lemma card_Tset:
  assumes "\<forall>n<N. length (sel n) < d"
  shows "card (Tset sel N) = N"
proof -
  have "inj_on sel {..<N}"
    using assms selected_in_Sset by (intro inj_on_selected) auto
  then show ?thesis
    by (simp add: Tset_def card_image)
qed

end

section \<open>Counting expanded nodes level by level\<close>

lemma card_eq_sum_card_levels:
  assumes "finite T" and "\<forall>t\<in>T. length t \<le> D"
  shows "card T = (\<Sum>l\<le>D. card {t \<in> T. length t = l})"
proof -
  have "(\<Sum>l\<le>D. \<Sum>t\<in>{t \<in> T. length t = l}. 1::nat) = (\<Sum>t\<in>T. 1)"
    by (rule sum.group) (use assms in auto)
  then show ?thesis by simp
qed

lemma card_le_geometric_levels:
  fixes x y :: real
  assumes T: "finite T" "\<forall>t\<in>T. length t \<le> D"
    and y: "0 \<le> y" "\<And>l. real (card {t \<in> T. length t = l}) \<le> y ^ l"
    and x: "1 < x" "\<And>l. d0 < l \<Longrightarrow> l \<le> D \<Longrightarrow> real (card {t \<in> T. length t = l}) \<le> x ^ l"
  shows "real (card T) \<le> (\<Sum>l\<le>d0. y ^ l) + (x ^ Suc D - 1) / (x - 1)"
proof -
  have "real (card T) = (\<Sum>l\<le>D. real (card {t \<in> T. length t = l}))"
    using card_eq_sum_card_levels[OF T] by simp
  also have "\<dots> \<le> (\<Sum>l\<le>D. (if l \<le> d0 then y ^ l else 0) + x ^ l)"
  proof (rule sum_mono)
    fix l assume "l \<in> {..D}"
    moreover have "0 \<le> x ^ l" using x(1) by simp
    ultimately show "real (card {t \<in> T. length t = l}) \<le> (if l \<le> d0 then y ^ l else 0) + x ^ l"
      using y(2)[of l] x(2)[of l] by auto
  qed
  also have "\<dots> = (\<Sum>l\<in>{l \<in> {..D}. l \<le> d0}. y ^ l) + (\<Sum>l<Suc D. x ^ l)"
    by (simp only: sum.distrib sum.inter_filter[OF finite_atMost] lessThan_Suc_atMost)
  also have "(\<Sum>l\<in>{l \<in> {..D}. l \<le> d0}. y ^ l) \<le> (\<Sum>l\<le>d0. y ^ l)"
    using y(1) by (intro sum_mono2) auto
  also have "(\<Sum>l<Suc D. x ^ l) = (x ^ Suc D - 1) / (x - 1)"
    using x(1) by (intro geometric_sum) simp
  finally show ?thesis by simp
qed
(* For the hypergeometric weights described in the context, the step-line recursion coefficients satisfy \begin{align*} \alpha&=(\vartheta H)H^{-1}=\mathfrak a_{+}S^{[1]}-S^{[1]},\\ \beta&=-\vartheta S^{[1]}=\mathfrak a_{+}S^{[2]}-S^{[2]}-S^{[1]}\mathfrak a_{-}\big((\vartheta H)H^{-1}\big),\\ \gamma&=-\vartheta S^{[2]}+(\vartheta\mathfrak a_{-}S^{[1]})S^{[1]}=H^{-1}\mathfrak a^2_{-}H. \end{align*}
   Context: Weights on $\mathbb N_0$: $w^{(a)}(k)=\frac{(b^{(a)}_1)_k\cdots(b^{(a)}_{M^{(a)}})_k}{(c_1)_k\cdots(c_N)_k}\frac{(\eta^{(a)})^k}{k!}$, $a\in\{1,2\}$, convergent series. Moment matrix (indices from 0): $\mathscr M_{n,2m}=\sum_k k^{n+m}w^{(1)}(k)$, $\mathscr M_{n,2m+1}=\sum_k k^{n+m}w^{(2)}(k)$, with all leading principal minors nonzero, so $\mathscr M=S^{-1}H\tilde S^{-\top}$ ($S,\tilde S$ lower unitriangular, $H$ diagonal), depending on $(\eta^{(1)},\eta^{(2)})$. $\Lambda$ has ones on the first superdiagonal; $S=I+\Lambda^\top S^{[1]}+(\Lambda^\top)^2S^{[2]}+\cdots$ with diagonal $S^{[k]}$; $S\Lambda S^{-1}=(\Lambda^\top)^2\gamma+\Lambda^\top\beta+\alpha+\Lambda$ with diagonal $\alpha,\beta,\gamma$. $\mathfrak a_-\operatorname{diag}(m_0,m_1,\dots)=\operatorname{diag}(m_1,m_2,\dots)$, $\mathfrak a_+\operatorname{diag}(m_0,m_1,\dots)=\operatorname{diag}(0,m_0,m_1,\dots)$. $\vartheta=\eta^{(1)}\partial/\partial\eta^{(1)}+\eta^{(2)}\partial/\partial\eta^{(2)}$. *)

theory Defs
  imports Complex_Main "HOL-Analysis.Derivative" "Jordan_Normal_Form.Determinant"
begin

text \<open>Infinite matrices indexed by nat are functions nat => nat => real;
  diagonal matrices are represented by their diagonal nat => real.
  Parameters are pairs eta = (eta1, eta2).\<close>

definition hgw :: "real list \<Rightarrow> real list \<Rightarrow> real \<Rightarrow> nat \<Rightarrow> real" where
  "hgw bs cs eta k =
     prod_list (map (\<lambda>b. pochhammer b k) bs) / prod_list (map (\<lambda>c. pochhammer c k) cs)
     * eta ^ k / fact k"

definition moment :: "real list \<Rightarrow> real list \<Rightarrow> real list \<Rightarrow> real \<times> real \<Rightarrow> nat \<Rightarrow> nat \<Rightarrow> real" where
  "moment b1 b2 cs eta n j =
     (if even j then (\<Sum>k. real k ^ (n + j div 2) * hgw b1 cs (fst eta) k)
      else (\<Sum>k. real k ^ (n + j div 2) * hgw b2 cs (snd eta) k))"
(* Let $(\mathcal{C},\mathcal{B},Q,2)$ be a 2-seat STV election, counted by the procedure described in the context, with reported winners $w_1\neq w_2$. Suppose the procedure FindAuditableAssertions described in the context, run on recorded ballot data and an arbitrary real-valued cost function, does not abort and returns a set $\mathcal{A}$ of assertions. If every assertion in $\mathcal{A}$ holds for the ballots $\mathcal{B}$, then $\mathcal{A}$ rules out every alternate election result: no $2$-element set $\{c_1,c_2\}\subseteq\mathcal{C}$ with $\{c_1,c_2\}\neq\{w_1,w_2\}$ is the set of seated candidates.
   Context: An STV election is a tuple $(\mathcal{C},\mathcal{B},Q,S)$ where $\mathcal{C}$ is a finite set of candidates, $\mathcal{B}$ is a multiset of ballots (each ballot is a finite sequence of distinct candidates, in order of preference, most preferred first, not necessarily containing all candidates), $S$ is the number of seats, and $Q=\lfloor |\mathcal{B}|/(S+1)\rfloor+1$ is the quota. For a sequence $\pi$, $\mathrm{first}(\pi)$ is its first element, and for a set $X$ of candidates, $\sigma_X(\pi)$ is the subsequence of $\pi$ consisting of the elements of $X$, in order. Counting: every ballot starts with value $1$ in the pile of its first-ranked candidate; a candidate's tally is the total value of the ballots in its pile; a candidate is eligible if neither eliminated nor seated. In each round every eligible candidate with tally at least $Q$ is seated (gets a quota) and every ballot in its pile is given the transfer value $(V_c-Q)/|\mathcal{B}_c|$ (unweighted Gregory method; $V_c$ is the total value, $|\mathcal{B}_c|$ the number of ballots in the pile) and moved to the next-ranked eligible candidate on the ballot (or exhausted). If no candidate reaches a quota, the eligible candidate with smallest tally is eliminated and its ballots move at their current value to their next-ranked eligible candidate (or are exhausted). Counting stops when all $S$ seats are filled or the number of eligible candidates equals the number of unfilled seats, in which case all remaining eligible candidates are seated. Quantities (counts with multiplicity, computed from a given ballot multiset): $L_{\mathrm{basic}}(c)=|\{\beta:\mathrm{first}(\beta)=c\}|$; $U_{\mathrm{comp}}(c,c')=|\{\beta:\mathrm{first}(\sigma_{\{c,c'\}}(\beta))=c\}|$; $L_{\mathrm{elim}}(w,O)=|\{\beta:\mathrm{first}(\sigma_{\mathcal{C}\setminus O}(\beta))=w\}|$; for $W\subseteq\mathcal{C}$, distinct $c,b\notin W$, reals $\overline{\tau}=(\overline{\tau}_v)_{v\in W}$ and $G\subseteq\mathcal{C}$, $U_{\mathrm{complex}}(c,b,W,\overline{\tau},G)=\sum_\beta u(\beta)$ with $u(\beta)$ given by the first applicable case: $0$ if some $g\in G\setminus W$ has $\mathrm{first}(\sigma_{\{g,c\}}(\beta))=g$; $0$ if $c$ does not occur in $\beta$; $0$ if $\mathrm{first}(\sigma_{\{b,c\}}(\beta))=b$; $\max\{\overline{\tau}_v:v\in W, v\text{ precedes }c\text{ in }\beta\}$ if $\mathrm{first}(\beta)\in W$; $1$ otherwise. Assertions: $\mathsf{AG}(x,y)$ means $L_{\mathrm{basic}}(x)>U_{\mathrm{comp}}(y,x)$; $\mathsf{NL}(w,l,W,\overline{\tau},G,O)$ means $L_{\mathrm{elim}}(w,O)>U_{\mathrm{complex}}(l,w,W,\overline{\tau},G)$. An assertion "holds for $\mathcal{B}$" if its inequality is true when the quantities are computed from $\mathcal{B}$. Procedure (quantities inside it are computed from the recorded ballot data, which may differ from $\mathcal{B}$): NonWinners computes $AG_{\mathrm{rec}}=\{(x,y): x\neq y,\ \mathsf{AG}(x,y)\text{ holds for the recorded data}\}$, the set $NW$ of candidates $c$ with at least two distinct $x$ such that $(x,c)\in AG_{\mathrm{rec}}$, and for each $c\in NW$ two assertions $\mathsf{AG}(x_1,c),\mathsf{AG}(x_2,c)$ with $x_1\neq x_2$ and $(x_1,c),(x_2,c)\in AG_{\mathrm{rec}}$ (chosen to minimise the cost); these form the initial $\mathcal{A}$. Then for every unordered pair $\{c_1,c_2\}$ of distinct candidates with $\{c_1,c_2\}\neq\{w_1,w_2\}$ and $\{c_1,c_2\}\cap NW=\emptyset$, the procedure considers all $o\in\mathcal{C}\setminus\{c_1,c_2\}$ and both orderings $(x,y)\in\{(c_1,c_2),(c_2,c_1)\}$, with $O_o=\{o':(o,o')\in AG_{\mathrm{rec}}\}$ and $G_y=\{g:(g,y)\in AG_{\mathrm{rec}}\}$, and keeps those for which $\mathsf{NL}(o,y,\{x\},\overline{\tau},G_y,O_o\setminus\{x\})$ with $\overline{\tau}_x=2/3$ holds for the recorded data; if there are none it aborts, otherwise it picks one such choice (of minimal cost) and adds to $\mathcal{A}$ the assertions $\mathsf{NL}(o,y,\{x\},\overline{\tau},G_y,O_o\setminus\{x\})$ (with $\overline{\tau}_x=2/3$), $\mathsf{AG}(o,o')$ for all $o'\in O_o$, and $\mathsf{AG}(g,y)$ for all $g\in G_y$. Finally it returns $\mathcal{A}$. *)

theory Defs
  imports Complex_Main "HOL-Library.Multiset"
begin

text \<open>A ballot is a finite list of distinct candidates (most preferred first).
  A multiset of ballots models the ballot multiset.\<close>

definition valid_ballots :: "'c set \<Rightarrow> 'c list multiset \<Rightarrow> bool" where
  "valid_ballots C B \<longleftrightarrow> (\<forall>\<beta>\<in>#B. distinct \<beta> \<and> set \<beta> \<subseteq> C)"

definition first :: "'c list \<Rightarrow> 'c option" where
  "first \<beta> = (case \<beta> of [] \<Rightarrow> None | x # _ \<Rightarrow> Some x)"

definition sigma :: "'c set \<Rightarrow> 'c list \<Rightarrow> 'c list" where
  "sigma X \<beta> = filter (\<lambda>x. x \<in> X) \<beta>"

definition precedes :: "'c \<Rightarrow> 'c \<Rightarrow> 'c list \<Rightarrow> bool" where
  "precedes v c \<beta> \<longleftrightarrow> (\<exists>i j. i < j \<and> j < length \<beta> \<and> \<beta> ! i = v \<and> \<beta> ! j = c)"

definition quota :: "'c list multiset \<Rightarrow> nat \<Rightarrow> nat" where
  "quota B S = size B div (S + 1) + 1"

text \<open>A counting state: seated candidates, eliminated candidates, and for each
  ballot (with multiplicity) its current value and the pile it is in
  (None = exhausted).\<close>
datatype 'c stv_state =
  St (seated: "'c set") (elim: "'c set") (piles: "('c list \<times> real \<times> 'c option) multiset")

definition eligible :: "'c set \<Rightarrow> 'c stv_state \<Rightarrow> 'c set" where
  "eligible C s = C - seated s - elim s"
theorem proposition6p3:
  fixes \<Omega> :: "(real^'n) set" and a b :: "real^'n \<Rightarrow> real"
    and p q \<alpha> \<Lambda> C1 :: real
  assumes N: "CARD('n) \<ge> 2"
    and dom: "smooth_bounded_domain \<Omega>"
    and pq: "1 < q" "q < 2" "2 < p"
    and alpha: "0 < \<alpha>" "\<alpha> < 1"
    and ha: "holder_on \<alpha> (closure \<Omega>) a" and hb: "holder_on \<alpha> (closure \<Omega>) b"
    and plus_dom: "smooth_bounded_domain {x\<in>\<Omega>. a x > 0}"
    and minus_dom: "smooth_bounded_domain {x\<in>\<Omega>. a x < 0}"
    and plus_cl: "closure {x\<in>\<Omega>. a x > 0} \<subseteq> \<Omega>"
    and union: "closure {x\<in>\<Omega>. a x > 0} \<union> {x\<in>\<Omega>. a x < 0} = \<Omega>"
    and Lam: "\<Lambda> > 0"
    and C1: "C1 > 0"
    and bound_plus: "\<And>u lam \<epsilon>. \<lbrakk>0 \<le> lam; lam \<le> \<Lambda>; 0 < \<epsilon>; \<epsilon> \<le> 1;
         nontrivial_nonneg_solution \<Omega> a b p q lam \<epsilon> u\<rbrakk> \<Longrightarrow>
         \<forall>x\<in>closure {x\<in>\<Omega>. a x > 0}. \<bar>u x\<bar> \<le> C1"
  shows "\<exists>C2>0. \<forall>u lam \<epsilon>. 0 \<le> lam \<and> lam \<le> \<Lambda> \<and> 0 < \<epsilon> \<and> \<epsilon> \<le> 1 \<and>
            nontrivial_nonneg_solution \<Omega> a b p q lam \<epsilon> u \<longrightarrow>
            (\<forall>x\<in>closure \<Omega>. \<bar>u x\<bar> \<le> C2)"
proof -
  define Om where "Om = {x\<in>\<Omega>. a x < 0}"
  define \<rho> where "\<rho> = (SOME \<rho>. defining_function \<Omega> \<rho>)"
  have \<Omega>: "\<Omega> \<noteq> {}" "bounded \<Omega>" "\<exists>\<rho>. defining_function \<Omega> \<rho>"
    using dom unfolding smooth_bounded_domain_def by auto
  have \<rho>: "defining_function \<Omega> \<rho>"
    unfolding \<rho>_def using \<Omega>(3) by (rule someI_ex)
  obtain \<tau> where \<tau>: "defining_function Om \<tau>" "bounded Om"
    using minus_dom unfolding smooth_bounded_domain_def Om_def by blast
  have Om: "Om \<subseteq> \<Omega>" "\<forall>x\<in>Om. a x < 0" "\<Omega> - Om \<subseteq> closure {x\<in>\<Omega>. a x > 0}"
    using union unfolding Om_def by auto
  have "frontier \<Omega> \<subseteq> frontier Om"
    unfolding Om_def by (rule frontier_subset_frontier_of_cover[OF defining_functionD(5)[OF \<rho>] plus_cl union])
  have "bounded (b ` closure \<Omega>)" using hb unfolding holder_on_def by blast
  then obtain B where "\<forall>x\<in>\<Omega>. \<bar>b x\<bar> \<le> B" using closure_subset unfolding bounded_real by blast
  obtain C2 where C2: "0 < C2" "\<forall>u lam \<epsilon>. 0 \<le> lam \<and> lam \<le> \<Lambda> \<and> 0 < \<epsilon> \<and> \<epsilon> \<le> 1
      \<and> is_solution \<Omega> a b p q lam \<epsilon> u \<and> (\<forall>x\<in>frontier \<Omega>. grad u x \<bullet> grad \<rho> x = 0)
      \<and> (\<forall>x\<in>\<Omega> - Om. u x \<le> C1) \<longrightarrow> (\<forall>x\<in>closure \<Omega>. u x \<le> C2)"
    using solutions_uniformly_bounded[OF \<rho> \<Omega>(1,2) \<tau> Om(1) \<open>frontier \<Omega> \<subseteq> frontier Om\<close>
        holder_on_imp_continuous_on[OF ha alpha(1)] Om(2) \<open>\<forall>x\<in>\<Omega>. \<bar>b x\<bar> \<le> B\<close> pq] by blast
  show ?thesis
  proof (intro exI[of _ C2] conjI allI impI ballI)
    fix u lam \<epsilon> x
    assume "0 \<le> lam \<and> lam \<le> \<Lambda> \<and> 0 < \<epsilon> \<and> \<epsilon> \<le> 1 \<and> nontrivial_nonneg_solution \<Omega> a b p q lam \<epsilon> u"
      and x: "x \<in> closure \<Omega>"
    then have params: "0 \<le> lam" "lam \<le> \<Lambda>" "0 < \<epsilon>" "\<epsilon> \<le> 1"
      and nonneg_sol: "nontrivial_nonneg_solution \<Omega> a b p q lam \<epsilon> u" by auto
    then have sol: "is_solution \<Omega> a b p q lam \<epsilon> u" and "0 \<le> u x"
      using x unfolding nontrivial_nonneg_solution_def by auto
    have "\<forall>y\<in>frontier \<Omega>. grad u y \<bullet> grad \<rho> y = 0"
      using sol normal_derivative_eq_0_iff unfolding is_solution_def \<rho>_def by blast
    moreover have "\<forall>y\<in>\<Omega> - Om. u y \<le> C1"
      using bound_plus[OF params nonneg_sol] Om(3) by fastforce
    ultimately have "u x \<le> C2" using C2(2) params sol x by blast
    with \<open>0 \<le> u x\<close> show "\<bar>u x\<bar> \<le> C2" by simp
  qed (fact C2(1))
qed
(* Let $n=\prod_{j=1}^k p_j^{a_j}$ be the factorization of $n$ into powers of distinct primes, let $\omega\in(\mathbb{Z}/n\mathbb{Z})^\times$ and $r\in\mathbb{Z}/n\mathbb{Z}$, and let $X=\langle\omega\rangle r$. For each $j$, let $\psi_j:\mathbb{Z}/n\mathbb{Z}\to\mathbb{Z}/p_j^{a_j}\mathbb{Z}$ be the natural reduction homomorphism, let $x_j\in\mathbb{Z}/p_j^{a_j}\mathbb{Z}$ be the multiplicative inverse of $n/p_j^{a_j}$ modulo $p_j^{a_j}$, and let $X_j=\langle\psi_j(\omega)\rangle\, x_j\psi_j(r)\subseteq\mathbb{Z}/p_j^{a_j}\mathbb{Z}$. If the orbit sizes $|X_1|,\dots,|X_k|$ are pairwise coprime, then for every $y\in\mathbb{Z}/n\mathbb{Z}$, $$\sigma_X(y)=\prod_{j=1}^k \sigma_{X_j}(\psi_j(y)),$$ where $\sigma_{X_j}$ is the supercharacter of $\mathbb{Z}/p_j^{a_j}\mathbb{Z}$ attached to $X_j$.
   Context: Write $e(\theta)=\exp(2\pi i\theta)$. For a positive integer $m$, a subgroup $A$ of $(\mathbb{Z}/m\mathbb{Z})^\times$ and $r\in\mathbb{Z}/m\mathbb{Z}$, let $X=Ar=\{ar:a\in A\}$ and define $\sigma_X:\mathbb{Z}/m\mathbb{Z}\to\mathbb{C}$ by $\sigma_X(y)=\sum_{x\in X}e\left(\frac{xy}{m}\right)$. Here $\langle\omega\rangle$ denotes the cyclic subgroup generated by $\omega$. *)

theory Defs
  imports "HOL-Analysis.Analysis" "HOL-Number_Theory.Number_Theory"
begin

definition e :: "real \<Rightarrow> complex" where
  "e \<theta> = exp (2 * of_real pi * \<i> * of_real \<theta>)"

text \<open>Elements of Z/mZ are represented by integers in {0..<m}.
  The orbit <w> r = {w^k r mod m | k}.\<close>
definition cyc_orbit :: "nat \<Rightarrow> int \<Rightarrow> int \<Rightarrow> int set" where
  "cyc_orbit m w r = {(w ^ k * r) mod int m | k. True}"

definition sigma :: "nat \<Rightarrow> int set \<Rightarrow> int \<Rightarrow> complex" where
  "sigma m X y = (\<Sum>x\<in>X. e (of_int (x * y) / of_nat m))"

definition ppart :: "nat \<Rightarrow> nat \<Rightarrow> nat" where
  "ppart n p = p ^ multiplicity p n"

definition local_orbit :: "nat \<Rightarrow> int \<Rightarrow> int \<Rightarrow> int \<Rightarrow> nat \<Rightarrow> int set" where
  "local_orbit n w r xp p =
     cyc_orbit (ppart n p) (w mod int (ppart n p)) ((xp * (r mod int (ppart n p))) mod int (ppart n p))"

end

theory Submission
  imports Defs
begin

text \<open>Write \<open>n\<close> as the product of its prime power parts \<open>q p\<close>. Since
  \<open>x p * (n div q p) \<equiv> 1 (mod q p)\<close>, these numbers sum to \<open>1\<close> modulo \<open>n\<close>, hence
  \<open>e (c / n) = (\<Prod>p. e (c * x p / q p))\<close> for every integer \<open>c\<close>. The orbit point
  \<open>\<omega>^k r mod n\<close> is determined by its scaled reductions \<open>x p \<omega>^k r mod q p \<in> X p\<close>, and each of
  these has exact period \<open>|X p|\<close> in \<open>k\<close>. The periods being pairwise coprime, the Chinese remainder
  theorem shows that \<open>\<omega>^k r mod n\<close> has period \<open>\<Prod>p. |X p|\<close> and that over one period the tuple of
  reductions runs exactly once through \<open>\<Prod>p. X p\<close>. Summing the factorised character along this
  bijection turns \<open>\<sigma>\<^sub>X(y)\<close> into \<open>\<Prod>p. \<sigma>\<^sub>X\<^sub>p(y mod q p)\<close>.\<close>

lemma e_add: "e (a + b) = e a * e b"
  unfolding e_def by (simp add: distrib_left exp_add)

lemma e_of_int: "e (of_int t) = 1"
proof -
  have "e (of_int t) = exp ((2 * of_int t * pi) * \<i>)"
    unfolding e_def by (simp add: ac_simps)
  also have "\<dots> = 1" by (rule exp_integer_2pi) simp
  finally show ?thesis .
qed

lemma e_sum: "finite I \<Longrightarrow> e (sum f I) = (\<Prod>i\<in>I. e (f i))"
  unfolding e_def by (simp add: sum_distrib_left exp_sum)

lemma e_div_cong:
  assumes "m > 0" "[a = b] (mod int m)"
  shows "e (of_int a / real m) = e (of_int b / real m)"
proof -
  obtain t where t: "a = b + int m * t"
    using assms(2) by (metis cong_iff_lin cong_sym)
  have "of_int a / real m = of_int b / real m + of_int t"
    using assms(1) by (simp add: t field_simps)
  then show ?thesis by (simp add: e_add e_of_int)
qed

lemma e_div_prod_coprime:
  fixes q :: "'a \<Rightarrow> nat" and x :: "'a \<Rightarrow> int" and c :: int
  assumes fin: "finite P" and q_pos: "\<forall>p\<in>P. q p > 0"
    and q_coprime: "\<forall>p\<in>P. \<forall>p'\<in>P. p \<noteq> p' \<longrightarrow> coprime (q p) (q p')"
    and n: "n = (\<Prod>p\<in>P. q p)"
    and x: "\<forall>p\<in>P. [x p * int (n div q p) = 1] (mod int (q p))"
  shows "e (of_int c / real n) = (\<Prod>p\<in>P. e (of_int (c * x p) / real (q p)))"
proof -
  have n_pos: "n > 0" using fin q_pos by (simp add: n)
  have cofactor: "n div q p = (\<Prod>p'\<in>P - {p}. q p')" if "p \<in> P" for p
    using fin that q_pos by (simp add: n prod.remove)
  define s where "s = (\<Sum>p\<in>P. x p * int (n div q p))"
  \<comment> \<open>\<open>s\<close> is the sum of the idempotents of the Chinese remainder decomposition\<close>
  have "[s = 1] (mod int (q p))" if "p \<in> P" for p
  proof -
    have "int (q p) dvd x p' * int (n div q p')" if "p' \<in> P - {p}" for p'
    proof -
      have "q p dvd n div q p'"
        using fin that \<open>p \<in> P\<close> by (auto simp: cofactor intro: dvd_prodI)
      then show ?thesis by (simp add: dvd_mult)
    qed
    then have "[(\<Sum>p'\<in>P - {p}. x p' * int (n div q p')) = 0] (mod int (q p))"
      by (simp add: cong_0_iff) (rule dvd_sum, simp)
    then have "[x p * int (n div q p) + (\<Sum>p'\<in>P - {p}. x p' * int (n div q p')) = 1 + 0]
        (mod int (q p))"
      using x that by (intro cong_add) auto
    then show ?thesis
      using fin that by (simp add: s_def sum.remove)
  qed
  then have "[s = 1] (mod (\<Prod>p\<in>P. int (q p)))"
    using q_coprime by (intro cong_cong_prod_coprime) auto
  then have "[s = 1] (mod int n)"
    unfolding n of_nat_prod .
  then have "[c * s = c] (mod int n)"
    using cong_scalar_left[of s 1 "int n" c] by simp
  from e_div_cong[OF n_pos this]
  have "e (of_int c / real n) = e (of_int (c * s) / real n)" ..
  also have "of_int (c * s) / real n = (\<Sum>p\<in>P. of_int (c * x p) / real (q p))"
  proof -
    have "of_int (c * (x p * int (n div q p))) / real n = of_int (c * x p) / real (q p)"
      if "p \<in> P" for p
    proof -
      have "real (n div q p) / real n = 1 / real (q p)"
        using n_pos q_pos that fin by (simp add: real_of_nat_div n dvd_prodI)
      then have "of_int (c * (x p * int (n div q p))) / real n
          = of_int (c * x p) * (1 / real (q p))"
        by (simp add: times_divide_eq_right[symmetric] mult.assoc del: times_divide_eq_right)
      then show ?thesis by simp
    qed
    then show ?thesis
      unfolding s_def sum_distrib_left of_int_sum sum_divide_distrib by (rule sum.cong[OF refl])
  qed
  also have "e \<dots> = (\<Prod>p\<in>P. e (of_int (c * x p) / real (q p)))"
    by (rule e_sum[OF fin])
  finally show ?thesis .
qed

++++++++

Copy the material above word for word, taking the first line, the line containing "using card_eq_sum_card_levels[OF T]", and every line between them, and nothing else.

» Output of the task:
lemma card_Tset:
  assumes "\<forall>n<N. length (sel n) < d"
  shows "card (Tset sel N) = N"
proof -
  have "inj_on sel {..<N}"
    using assms selected_in_Sset by (intro inj_on_selected) auto
  then show ?thesis
    by (simp add: Tset_def card_image)
qed

end

section \<open>Counting expanded nodes level by level\<close>

lemma card_eq_sum_card_levels:
  assumes "finite T" and "\<forall>t\<in>T. length t \<le> D"
  shows "card T = (\<Sum>l\<le>D. card {t \<in> T. length t = l})"
proof -
  have "(\<Sum>l\<le>D. \<Sum>t\<in>{t \<in> T. length t = l}. 1::nat) = (\<Sum>t\<in>T. 1)"
    by (rule sum.group) (use assms in auto)
  then show ?thesis by simp
qed

lemma card_le_geometric_levels:
  fixes x y :: real
  assumes T: "finite T" "\<forall>t\<in>T. length t \<le> D"
    and y: "0 \<le> y" "\<And>l. real (card {t \<in> T. length t = l}) \<le> y ^ l"
    and x: "1 < x" "\<And>l. d0 < l \<Longrightarrow> l \<le> D \<Longrightarrow> real (card {t \<in> T. length t = l}) \<le> x ^ l"
  shows "real (card T) \<le> (\<Sum>l\<le>d0. y ^ l) + (x ^ Suc D - 1) / (x - 1)"
proof -
  have "real (card T) = (\<Sum>l\<le>D. real (card {t \<in> T. length t = l}))"
    using card_eq_sum_card_levels[OF T] by simp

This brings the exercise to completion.